Friday, May 22, 2009

Money! Money! Money!

A passage from The Holy Quran

'Nor strain your eyes in longing for the things We have given for enjoyment to parties of them, the splendour of the life of this world, through which We test them: But the provision of thy Lord is better and more enduring.'

The Holy Quran - Surah 20 Verse 131

How many times do we see something that someone else has and wish we had it? How many times do we think 'why does that person have so much wealth and not me? Why does that person have an amazing house or an amazing car?' Allah Subhaanahu wa ta'ala is telling us that its nothing but a test for them. We often may think that there are many people who may not be very nice but they get all the fancy stuff, but remember Allah Subhaanahu wa ta'ala is Al-Alim, The All-Knowing....
The person who has an amazing car might well die in it.... the person who has a mansion might use it to do many sinful acts.... the message is, its not necessary that someone who seems to have everything is blessed... but could also be that its all those things that lead the person to the hell fire. Think about it...

'For the life of this world is but goods & chattels (possessions) of deception'

The Holy Quran - Surah 3 Verse 185

Why is it that no matter how much a person has in terms of possessions and wealth, they always want more?? They have an amazing house yet they have to buy another? They don't have one car but many?? Why is that lots of celebrities end up depressed and in rehab and some commit suicide when they have so much wealth and so many wonderful things?? Its simple... Allah Subhaanahu wa ta'ala has told us in our amazing book of guidence The Holy Quran, that its not real; its fake; this life is all an illusion; everything we see and have is a deception! Its all 'Temporary happiness' 'short-lived' Its not reality....
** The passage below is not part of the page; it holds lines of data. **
lemma sum_periodic_window:
  fixes g :: "int \<Rightarrow> 'a::comm_monoid_add" and n a b :: int
  assumes n: "0 < n" and window: "b - a < n"
    and periodic: "\<And>m k. g (m + k * n) = g m"
  shows "(\<Sum>j | j \<in> {1..n} \<and> (\<exists>k. j - k * n \<in> {a..b}). g j) = (\<Sum>m\<in>{a..b}. g m)"
proof -
  define \<phi> where "\<phi> m = (m - 1) mod n + 1" for m
  have \<phi>_shift: "\<phi> m = m + (- ((m - 1) div n)) * n" for m
    unfolding \<phi>_def by (simp add: minus_div_mult_eq_mod[symmetric] algebra_simps)
  have "bij_betw \<phi> {a..b} {j. j \<in> {1..n} \<and> (\<exists>k. j - k * n \<in> {a..b})}"
  proof (rule bij_betw_imageI)
    show "inj_on \<phi> {a..b}"
    proof (rule inj_onI)
      fix m m' assume "m \<in> {a..b}" "m' \<in> {a..b}" "\<phi> m = \<phi> m'"
      then have "n dvd m - m'" "\<bar>m - m'\<bar> < n"
        using window by (auto simp: \<phi>_def mod_eq_dvd_iff)
      then show "m = m'"
        using dvd_imp_le_int[of "m - m'" n] by force
    qed
    show "\<phi> ` {a..b} = {j. j \<in> {1..n} \<and> (\<exists>k. j - k * n \<in> {a..b})}"
    proof (intro equalityI subsetI)
      fix j assume "j \<in> \<phi> ` {a..b}"
      then obtain m where "m \<in> {a..b}" "j = \<phi> m" by auto
      moreover have "\<phi> m \<in> {1..n}"
        unfolding \<phi>_def atLeastAtMost_iff
        using pos_mod_bound[OF n, of "m - 1"] pos_mod_sign[OF n, of "m - 1"] by linarith
      ultimately show "j \<in> {j. j \<in> {1..n} \<and> (\<exists>k. j - k * n \<in> {a..b})}"
        using \<phi>_shift[of m] by (auto intro!: exI[of _ "- ((m - 1) div n)"])
    next
      fix j assume "j \<in> {j. j \<in> {1..n} \<and> (\<exists>k. j - k * n \<in> {a..b})}"
      then obtain k where j: "j \<in> {1..n}" "j - k * n \<in> {a..b}" by auto
      have "\<phi> (j - k * n) = (j - 1) mod n + 1"
        unfolding \<phi>_def by (metis diff_right_commute mod_mult_self1 minus_mult_left diff_conv_add_uminus)
      also have "\<dots> = j"
        using j(1) by simp
      finally show "j \<in> \<phi> ` {a..b}"
        using j(2) by (metis imageI)
    qed
  qed
  then have "(\<Sum>j | j \<in> {1..n} \<and> (\<exists>k. j - k * n \<in> {a..b}). g j) = (\<Sum>m\<in>{a..b}. g (\<phi> m))"
    by (simp add: sum.reindex_bij_betw)
  also have "\<dots> = (\<Sum>m\<in>{a..b}. g m)"
    by (simp only: \<phi>_shift periodic)
  finally show ?thesis .
qed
Try to undersand this concept. Reality are the things we can't see... we can't see oxygen, but its there right? We cannot see heaven and hell but we believe in their existence do we not? And the biggest reality of all, where there is no doubt whatsoever, we cannot see Allah Subhaanahu wa ta'ala but Allah Subhaanahu wa ta'ala the creator of the universe is real; Allah Subhaana wa ta'ala the All Powerful is true; Allah Subhaanahu wa ta'ala is Al-Baqi - The Everlasting One - and there is nothing more real than that!! Subhaan-Allah - Glory be to Allah!! Allahu-Akbar - Allah is the Greatest!!

In the hadith it is narrated that the prophet Muhammed (peace & blessings be upon him) said: (to the nearest effect)
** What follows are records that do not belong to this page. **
lemma min_dist_le_sqrt3_circumradius:
  fixes a b c z :: "'a::real_inner"
  assumes "dist z a = \<rho>" "dist z b = \<rho>" "dist z c = \<rho>"
    and "d \<le> dist a b" "d \<le> dist a c" "d \<le> dist b c"
  shows "d \<le> sqrt 3 * \<rho>"
proof (cases "d \<le> 0")
  case True
  moreover have "0 \<le> sqrt 3 * \<rho>" using assms(1) by auto
  ultimately show ?thesis by linarith
next
  case False
  then have "d\<^sup>2 \<le> (dist a b)\<^sup>2" "d\<^sup>2 \<le> (dist a c)\<^sup>2" "d\<^sup>2 \<le> (dist b c)\<^sup>2"
    using assms(4-6) by (auto intro!: power_mono)
  then have "d\<^sup>2 \<le> 3 * \<rho>\<^sup>2"
    using sum_dist_sq_le_3_sum_dist_sq[of a b c z] unfolding assms(1-3) by simp
  then have "d\<^sup>2 \<le> (sqrt 3 * \<rho>)\<^sup>2" by (simp add: power_mult_distrib)
  moreover have "0 \<le> \<rho>" using assms(1) by auto
  ultimately show ?thesis by (simp add: power2_le_iff_abs_le)
qed

lemma packing_radius_finite:
  fixes P :: "'a::metric_space set"
  assumes "finite P" "a \<in> P" "b \<in> P" "a \<noteq> b"
  obtains p q where "p \<in> P" "q \<in> P" "p \<noteq> q" "2 * packing_radius P = dist p q"
    "\<And>x y. x \<in> P \<Longrightarrow> y \<in> P \<Longrightarrow> x \<noteq> y \<Longrightarrow> dist p q \<le> dist x y"
proof -
  define S where "S = {(p, q). p \<in> P \<and> q \<in> P \<and> p \<noteq> q}"
  define D where "D = (\<lambda>pq. dist (fst pq) (snd pq)) ` S"
  have "finite S"
    by (rule finite_subset[of _ "P \<times> P"]) (use assms(1) S_def in auto)
  moreover have "(a, b) \<in> S" using assms S_def by simp
  ultimately have D: "finite D" "D \<noteq> {}" unfolding D_def by auto
  have "Min D \<in> D" using D by (rule Min_in)
  then obtain p q where pq: "(p, q) \<in> S" "Min D = dist p q" unfolding D_def by auto
  have "2 * packing_radius P = Min D"
    using cInf_eq_Min[OF D] unfolding packing_radius_def D_def S_def by simp
  moreover have "Min D \<le> dist x y" if "x \<in> P" "y \<in> P" "x \<noteq> y" for x y
  proof (rule Min_le[OF D(1)])
    show "dist x y \<in> D" unfolding D_def S_def using that by (auto intro!: image_eqI[of _ _ "(x, y)"])
  qed
  ultimately show ?thesis using that[of p q] pq unfolding S_def by auto
qed

lemma infdist_greatest:
  "A \<noteq> {} \<Longrightarrow> (\<And>a. a \<in> A \<Longrightarrow> d \<le> dist x a) \<Longrightarrow> d \<le> infdist x A"
  by (simp add: infdist_notempty cINF_greatest)

lemma infdist_le_covering_radius:
  fixes M P :: "'a::metric_space set"
  assumes "bounded M" "P \<noteq> {}" "P \<subseteq> M" "x \<in> M"
  shows "infdist x P \<le> covering_radius M P"
proof -
  obtain p where p: "p \<in> P" using assms(2) by blast
  obtain c e where ce: "\<And>y. y \<in> M \<Longrightarrow> dist c y \<le> e"
    using assms(1) unfolding bounded_def by blast
  have "bdd_above ((\<lambda>y. infdist y P) ` M)"
  proof (rule bdd_aboveI2)
    fix y assume "y \<in> M"
    then have "dist y p \<le> 2 * e"
      using ce[of y] ce[of p] p assms(3) dist_triangle3[of y p c] by auto
    then show "infdist y P \<le> 2 * e" by (rule infdist_le2[OF p])
  qed
  then have "infdist x P \<le> (SUP y\<in>M. infdist y P)" by (rule cSUP_upper[OF assms(4)])
  then show ?thesis unfolding covering_radius_def infdist_notempty[OF assms(2)] .
qed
'A slave will not be able to take a step further on the Day of Requital until he is taken to account for [the following things]: his time and how he spent it, his knowledge and how he used it, his money and how he earned and spent it, and his youth and how he passed it.


Having goals and ambitions is important in life. We all aim to have a really nice house; a really nice car; but do we have aims to be really good muslims? To better our salahs? To spend more time in worship? Or do we forget who we are in our focus on becoming the next apprentice?! We are living in a society where money seems to be the object of our lives and we will do anything to get our hands on it. We will lie, cheat, break the law, stab someone in the back... anythng to get ahead of the game right?! Anything for a little extra 'cheddar'. And us muslims have joined in with this money mad society forgetting our morals and our ethics and our core beliefs... all this can go in an instant! Gone! Then what good will our wordly possessions be to us?
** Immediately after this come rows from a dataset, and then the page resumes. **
(* Let $P=R\cup B$ where $R$ is a set of $n$ red points and $B$ a set of $n$ blue points, all distinct and on the line $y=0$, and let $p_1<p_2<\dots<p_{2n}$ be the points of $P$ sorted by $x$-coordinate. Let $2m$ be the smallest positive integer such that $\{p_1,\dots,p_{2m}\}$ contains equally many red and blue points (so $P_1=\{p_1,\dots,p_{2m}\}$ is the first color-balanced prefix). Then $p_1$ and $p_{2m}$ have different colors, and every minimum-weight non-crossing bichromatic perfect matching of $P$ contains the edge $\{p_1,p_{2m}\}$. *)

theory Defs
  imports Complex_Main
begin

text \<open>Points lie on the line y = 0 and are identified with their x-coordinates.
  An edge is a two-element set {r, b} with r red and b blue.\<close>

definition bichromatic_perfect_matching :: "real set \<Rightarrow> real set \<Rightarrow> real set set \<Rightarrow> bool" where
  "bichromatic_perfect_matching R B M \<longleftrightarrow>
     (\<forall>e\<in>M. \<exists>r\<in>R. \<exists>b\<in>B. e = {r, b}) \<and>
     (\<forall>x\<in>R \<union> B. \<exists>!e. e \<in> M \<and> x \<in> e)"

definition noncrossing :: "real set set \<Rightarrow> bool" where
  "noncrossing M \<longleftrightarrow>
     (\<forall>e\<in>M. \<forall>f\<in>M. \<not> (Min e < Min f \<and> Min f < Max e \<and> Max e < Max f))"

definition matching_weight :: "real set set \<Rightarrow> real" where
  "matching_weight M = (\<Sum>e\<in>M. Max e - Min e)"

definition min_weight_nc_bichromatic_matching :: "real set \<Rightarrow> real set \<Rightarrow> real set set \<Rightarrow> bool" where
  "min_weight_nc_bichromatic_matching R B M \<longleftrightarrow>
     bichromatic_perfect_matching R B M \<and> noncrossing M \<and>
     (\<forall>M'. bichromatic_perfect_matching R B M' \<and> noncrossing M' \<longrightarrow>
            matching_weight M \<le> matching_weight M')"

end

theory Submission
  imports Defs
begin

text \<open>Let \<open>p\<^sub>1\<close> be the leftmost point and \<open>q\<close> its partner in a minimum-weight non-crossing
  matching. Non-crossing forces every point left of \<open>q\<close> to be matched left of \<open>q\<close>, so the
  prefix ending at \<open>q\<close> is balanced and \<open>q = p\<^sub>j\<close> with \<open>j \<ge> 2m\<close>. Conversely, if \<open>p\<^sub>1\<close>
  (say red) were matched beyond the balanced prefix \<open>P\<^sub>1\<close>, then some blue point of \<open>P\<^sub>1\<close> is
  also matched beyond it; taking the leftmost such blue point \<open>b\<close> and the rightmost red point
  \<open>a < b\<close> matched beyond \<open>P\<^sub>1\<close>, the edges \<open>{a,c}\<close> and \<open>{b,r}\<close> are nested with no edge
  running from between \<open>a, b\<close> to between \<open>r, c\<close>, and replacing them by \<open>{a,b}, {r,c}\<close>
  keeps the matching non-crossing and shortens it. The colour claim is a discrete
  intermediate value argument on the red-minus-blue count of the prefixes.\<close>

lemma bichromatic_perfect_matching_swap:
  "bichromatic_perfect_matching R B M = bichromatic_perfect_matching B R M"
proof -
  have "(\<exists>r\<in>R. \<exists>b\<in>B. e = {r, b}) \<longleftrightarrow> (\<exists>b\<in>B. \<exists>r\<in>R. e = {b, r})" for e
    by (metis insert_commute)
  then show ?thesis
    unfolding bichromatic_perfect_matching_def by (simp add: Un_commute)
qed

lemma min_weight_nc_bichromatic_matching_swap:
  "min_weight_nc_bichromatic_matching R B M = min_weight_nc_bichromatic_matching B R M"
  unfolding min_weight_nc_bichromatic_matching_def
  by (simp only: bichromatic_perfect_matching_swap[of R B])

lemma bichromatic_perfect_matching_edgeE:
  assumes "bichromatic_perfect_matching R B M" "e \<in> M"
  obtains r b where "r \<in> R" "b \<in> B" "e = {r, b}"
  using assms unfolding bichromatic_perfect_matching_def by (meson conjunct1)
We are busy in our daily lives putting pounds away into our banks.... but how many amaal do we put away each day? How many hasanahs do we put away each day? How many good deeds do we put away each day? For this will be our currency in our next life... so hadn't we better start saving them up? And using every opportunity to gain them? If someone said to us they would give us a tenner if we read a book for 5 minutes we would think yeah of course ill do it! No doubt! Imagine how many hasanahs we can get in reading the Holy Quran for 5 minutes... surely thats more worth while than a lowsy tenner?!

It's so simple! If we do something for the love of Islam; if we do something for the love of Allah Subhaanaahu wa ta'ala it will benefit us in this world and the next world too!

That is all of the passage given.